Ahan Bhatt, MD1, Fnu Vikash, MD, M.Med1, Donald P. Kotler, MD2, Sunny Patel, MD2 1Albert Einstein College of Medicine, New York, NY; 2Albert Einstein College of Medicine, Bronx, NY
Introduction: Ectopic or extraluminal varices are abnormally dilated veins associated with gastrointestinal mucosa and account for 1 to 5% of variceal bleeds. They are used to describe portosystemic collaterals anywhere else within the abdominal cavity and retroperitoneum beyond the gastroesophageal region.

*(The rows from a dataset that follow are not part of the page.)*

(* Let $G$ be a graph that has a compatible tree-representation $\{T(v)\}$. Then $G$ has a simple vertex. Furthermore, any vertex $v$ that maximizes the depth of the root of $T(v)$ (among all vertices of $G$) is a simple vertex.
   Context: Graphs are finite and simple; $N[v]$ denotes the closed neighbourhood of $v$. A host tree $T$ is a rooted tree whose arcs carry positive integer weights; the depth of a node is the sum of arc weights on its path to the root. A subtree is a connected node set of $T$; its root is its node of smallest depth. A tree-representation of $G$ assigns to each vertex $v$ a subtree $T(v)$ of $T$ such that for distinct $v,w$, $(v,w)$ is an edge iff $T(v)\cap T(w)\neq\emptyset$. For subtrees $T_1,T_2$, $T_1$ overshadows $T_2$ if every node of $T_2\setminus T_1$ has depth strictly greater than every node of $T_2\cap T_1$. A tree-representation is compatible if for every two vertices $v,w$, $T(v)$ overshadows $T(w)$ or $T(w)$ overshadows $T(v)$. A vertex $v$ is simple if $N[v]$ can be ordered as $u_1,\dots,u_d$ with $N[u_1]\subseteq\dots\subseteq N[u_d]$. *)

theory Defs
  imports Main
begin

definition simple_graph :: "'v set \<Rightarrow> ('v \<Rightarrow> 'v \<Rightarrow> bool) \<Rightarrow> bool" where
  "simple_graph V E \<longleftrightarrow> finite V \<and>
     (\<forall>u v. E u v \<longrightarrow> u \<in> V \<and> v \<in> V) \<and>
     (\<forall>u v. E u v \<longrightarrow> E v u) \<and> (\<forall>v. \<not> E v v)"

definition closed_nbhd :: "'v set \<Rightarrow> ('v \<Rightarrow> 'v \<Rightarrow> bool) \<Rightarrow> 'v \<Rightarrow> 'v set" where
  "closed_nbhd V E v = {u \<in> V. u = v \<or> E v u}"

definition simple_vertex :: "'v set \<Rightarrow> ('v \<Rightarrow> 'v \<Rightarrow> bool) \<Rightarrow> 'v \<Rightarrow> bool" where
  "simple_vertex V E v \<longleftrightarrow>
     (\<exists>us. distinct us \<and> set us = closed_nbhd V E v \<and>
        (\<forall>i j. i < j \<and> j < length us \<longrightarrow>
           closed_nbhd V E (us ! i) \<subseteq> closed_nbhd V E (us ! j)))"

text \<open>A rooted host tree is given by a finite node set Nd, a root r \<in> Nd, a parent
function par and an arc weight function w (w x is the weight of the arc from x to
par x).\<close>
definition host_tree :: "'n set \<Rightarrow> 'n \<Rightarrow> ('n \<Rightarrow> 'n) \<Rightarrow> ('n \<Rightarrow> nat) \<Rightarrow> bool" where
  "host_tree Nd r par w \<longleftrightarrow> finite Nd \<and> r \<in> Nd \<and>
     (\<forall>x \<in> Nd - {r}. par x \<in> Nd \<and> w x > 0) \<and>
     (\<forall>x \<in> Nd. \<exists>k. (par ^^ k) x = r)"

definition depth :: "'n \<Rightarrow> ('n \<Rightarrow> 'n) \<Rightarrow> ('n \<Rightarrow> nat) \<Rightarrow> 'n \<Rightarrow> nat" where
  "depth r par w x = (\<Sum>k < (LEAST k. (par ^^ k) x = r). w ((par ^^ k) x))"

definition tree_adj :: "'n set \<Rightarrow> 'n \<Rightarrow> ('n \<Rightarrow> 'n) \<Rightarrow> 'n \<Rightarrow> 'n \<Rightarrow> bool" where
  "tree_adj Nd r par x y \<longleftrightarrow> x \<in> Nd \<and> y \<in> Nd \<and>
     ((x \<noteq> r \<and> par x = y) \<or> (y \<noteq> r \<and> par y = x))"

definition subtree :: "'n set \<Rightarrow> 'n \<Rightarrow> ('n \<Rightarrow> 'n) \<Rightarrow> 'n set \<Rightarrow> bool" where
  "subtree Nd r par S \<longleftrightarrow> S \<noteq> {} \<and> S \<subseteq> Nd \<and>
     (\<forall>x \<in> S. \<forall>y \<in> S.
        (x, y) \<in> {(a, b). a \<in> S \<and> b \<in> S \<and> tree_adj Nd r par a b}\<^sup>*)"

text \<open>Depth of the root of a subtree (the root is its node of smallest depth).\<close>
definition root_depth :: "'n \<Rightarrow> ('n \<Rightarrow> 'n) \<Rightarrow> ('n \<Rightarrow> nat) \<Rightarrow> 'n set \<Rightarrow> nat" where
  "root_depth r par w S = Min (depth r par w ` S)"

Case Description/Methods: 41-year-old male with past medical history of metabolic syndrome, alcohol use-associated liver cirrhosis complicated by ascites requiring multiple large volume paracentesis in the last 3 months presented to the ED after a witnessed syncope. The most recent LVP was 2 weeks prior to current admission. On admission, the patient's vitals were BP 74/48 mm of Hg, HR 91 bpm, and SpO2 99% on room air. Physical exam showed scleral icterus and protuberant abdomen with a fluid wave. The patient was alert and oriented, without asterixis but with generalized weakness. Hemoglobin was 6.2 g/dL ( >9 g/dL two weeks ago). PT/aPTT was 36.3/49.3 seconds, INR 3.1, and lactate 5.7 mmol/L. Four hours later, the patient's hemoglobin dropped to 5.6 g/dL, and MAP remained below 65 mmHg despite volume resuscitation. DRE negative for GI bleed. Consequently, pressors were started, and the patient was transferred to the medical ICU. The patient underwent a diagnostic tap, revealing grossly bloody fluid concerning for hemoperitoneum. A CT Angio of the abdomen and pelvis with contrast showed large-volume ascites with hemorrhagic fluid adjacent to the right kidney with no active extravasation. The bleeding was likely due to an ectopic varix near the hepatic varices. The patient was deemed not to be a candidate for surgical intervention or IR coil embolization. Massive transfusion protocol, octreotide drip, and three pressors were started. Despite these measures, the patient remained hypotensive and suffered a cardiac arrest within 18 hours of admission.
Discussion: Intra-abdominal variceal bleeds should be suspected in hemodynamically unstable patients who exhibit a rapid increase in ascites, a drop in hematocrit, and a bloody ascitic tap without overt signs of GI bleeding. Management involves maintaining a high index of suspicion, performing an early diagnostic tap and a multidisciplinary case-dependent approach involving GI, IR and Surgery. Treatment options for ectopic bleeds typically include TIPS or surgery. Patients are often unsuitable candidates for life-saving procedures due to multiple comorbidities and are associated with high morbidity and mortality.
Figure: Images A and B show a coronal section of the abdomen. Image A shows the Ectopic Hepatic Varyx. Images A and B shows Large Volume Ascites. Image C shows a transverse section of the abdomen with hyperintense fluid near the right kidney and hepatic varyx as labeled with red arrow.
Disclosures:
Ahan Bhatt indicated no relevant financial relationships.
Fnu Vikash indicated no relevant financial relationships.
Donald Kotler: EMD Serono – Advisor or Review Panel Member.
Sunny Patel indicated no relevant financial relationships.
Ahan Bhatt, MD1, Fnu Vikash, MD, M.Med1, Donald P. Kotler, MD2, Sunny Patel, MD2. P0817 - Ectopic Variceal Bleeding and Hemoperitoneum: A Case Report and Management Challenges, ACG 2024 Annual Scientific Meeting Abstracts. Philadelphia, PA: American College of Gastroenterology.